There’s a long article in today’s LA Times (registration required) about a young woman who was found dead in Laurel Canyon, about two miles from here. She was an aspiring actor. She thought she was going on an audition for a role in a James Bond film. The guy apparently had used this scam before, though it’s unclear if he was aiming for rape or murder. It’s so ugly I could scream.
I think what gets me most about it is how vulnerable ambition makes us. I’m sure many, if not most, women would be suspicious of a man approaching in a shopping mall, offering a chance at a movie role. But what if he sounded like he knew what he was talking about? There are all sorts of stories of careers that got started in public places, from the legendary discovery of Lana Turner sitting on a fountain stool at Schwab’s on down. And hell, I’ve been approached in a mall. Someone wanted me to bring Damian in to get auditioned at some kiddie casting company. I never followed it up, but I did and do think the woman was for real.

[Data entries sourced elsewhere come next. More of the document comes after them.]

text \<open>Sufficiency: the direction of the cross product of the third and fourth derivatives is the
  required fixed direction.\<close>
lemma coplanar_imp_salkowski:
  assumes "convex I" "I \<noteq> {}"
    and coplanar: "\<forall>s\<in>I. det3 (hderiv \<alpha> 3 s) (hderiv \<alpha> 4 s) (hderiv \<alpha> 5 s) = 0"
  shows "salkowski \<alpha> I"
proof -
  define w where "w t = hderiv \<alpha> 3 t \<times> hderiv \<alpha> 4 t" for t
  have w_nonzero: "w t \<noteq> 0" if "t \<in> I" for t
    using third_cross_fourth_nonzero[OF that] by (simp add: w_def)
  have w_deriv: "(w has_vector_derivative
      ((hderiv \<alpha> 3 t \<times> hderiv \<alpha> 5 t) \<bullet> w t / (w t \<bullet> w t)) *\<^sub>R w t) (at t)"
    if t: "t \<in> I" for t
  proof -
    have "(w has_vector_derivative hderiv \<alpha> 3 t \<times> hderiv \<alpha> 5 t) (at t)"
      using has_vector_derivative_cross[OF hderiv_derivatives(3,4)[OF t]]
      by (simp add: w_def[abs_def])
    moreover have "(hderiv \<alpha> 3 t \<times> hderiv \<alpha> 5 t) \<times> w t = 0"
      using cross_cross_of_coplanar coplanar t by (simp add: w_def)
    ultimately show ?thesis
      using cross_zero_parallel w_nonzero[OF t] by metis
  qed
  obtain u where u: "\<And>t. t \<in> I \<Longrightarrow> sgn (w t) = u"
    using constant_direction[OF assms(1) w_deriv w_nonzero] by blast
  obtain t0 where "t0 \<in> I" using assms(2) by blast
  then have "norm u = 1"
    using u w_nonzero by (metis norm_sgn)
  moreover have "\<forall>t\<in>I. hderiv \<alpha> 3 t \<bullet> u = 0"
    by (simp add: u[symmetric] sgn_div_norm w_def dot_cross_self)
  then have "\<exists>c. \<forall>s\<in>I. hderiv \<alpha> 2 s \<bullet> u = c"
    using constant_inner_of_orthogonal_derivative[OF assms(1) _ hderiv_derivatives(2)] by blast
  ultimately show ?thesis
    using salkowski_iff_normal_direction by blast
qed

end

theorem theorem4:
  fixes \<alpha> :: "real \<Rightarrow> real^3" and I :: "real set"
  assumes "is_interval I" and "open I" and "I \<noteq> {}"
    and "smooth_curve \<alpha> I"
    and "arclength_param \<alpha> I"
    and "\<forall>s\<in>I. curvature \<alpha> s = 1"
  shows "salkowski \<alpha> I \<longleftrightarrow>
         (\<forall>s\<in>I. det3 (hderiv \<alpha> 3 s) (hderiv \<alpha> 4 s) (hderiv \<alpha> 5 s) = 0)"
proof -
  interpret unit_curvature_curve \<alpha> I
    using assms(2,4-6) by unfold_locales
  have "convex I"
    using assms(1) by (simp add: is_interval_convex)
  then show ?thesis
    using salkowski_imp_coplanar coplanar_imp_salkowski assms(3) by blast
qed

end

So here’s the question: what if you were young – very young – and hungry, oh so hungry. You’d moved to the City of Angels thinking the roads would be paved with gold and your name would be engraved on a star on Hollywood Boulevard by the time you turned thirty, and yet here you were, three or five years later, waitressing at some dive or someone’s gofer or nanny, with maybe a commercial under your belt, maybe some student shorts, but really nothing to say you were the next big thing, and now you’re having trouble paying the rent and you’re looking in the mirror and the face that looks back at you doesn’t look so fresh anymore. And then a man comes up to you in a mall. Smart, well dressed. He says you have the right look, it’s a small part, mostly eye candy, but it will get you into SAG and I’ll make sure you’ll be noticed after that. Please come in and audition for us.
Would you do it?
Someone desperate enough, hungry enough, someone who’s been hoping for her big break but seeing the possibilities slipping away, someone like that might have her doubts about this guy, but might feel like it was worth that risk. One guy, what could he do to her anyway? And what if it was for real? How could she pass up the chance?
The horror of Hollywood is that that brass ring is so close. You brush up against fame practically every day. It’s driving the Ferrari zooming next to you on Olympic Boulevard, it’s strolling down Montana Avenue on a mild Saturday afternoon, it’s even shopping at Bristol Farms for eggs and oranges in the next aisle. What do they have that you don’t? Success, that’s what. Someone gave them that chance or they created it for themselves. And you can taste it too, it’s in the air and in the over-chlorinated water that nobody drinks. You can smell it in the perfume of night blooming jasmine on February nights. You pick up the trades, read about the latest hot thing. You overhear conversations at the local Coffee Bean, someone’s casting that role but it’s too late by the time you get there, the part’s been filled. Fame. Success. It’s so close. So impossibly far. And so you go up Laurel Canyon wearing the stilettos and stockings he gave you. You go up to your death because you wanted fame too much.
It’s an old story. Cliché, even. But damnit all, it’s still too horribly true.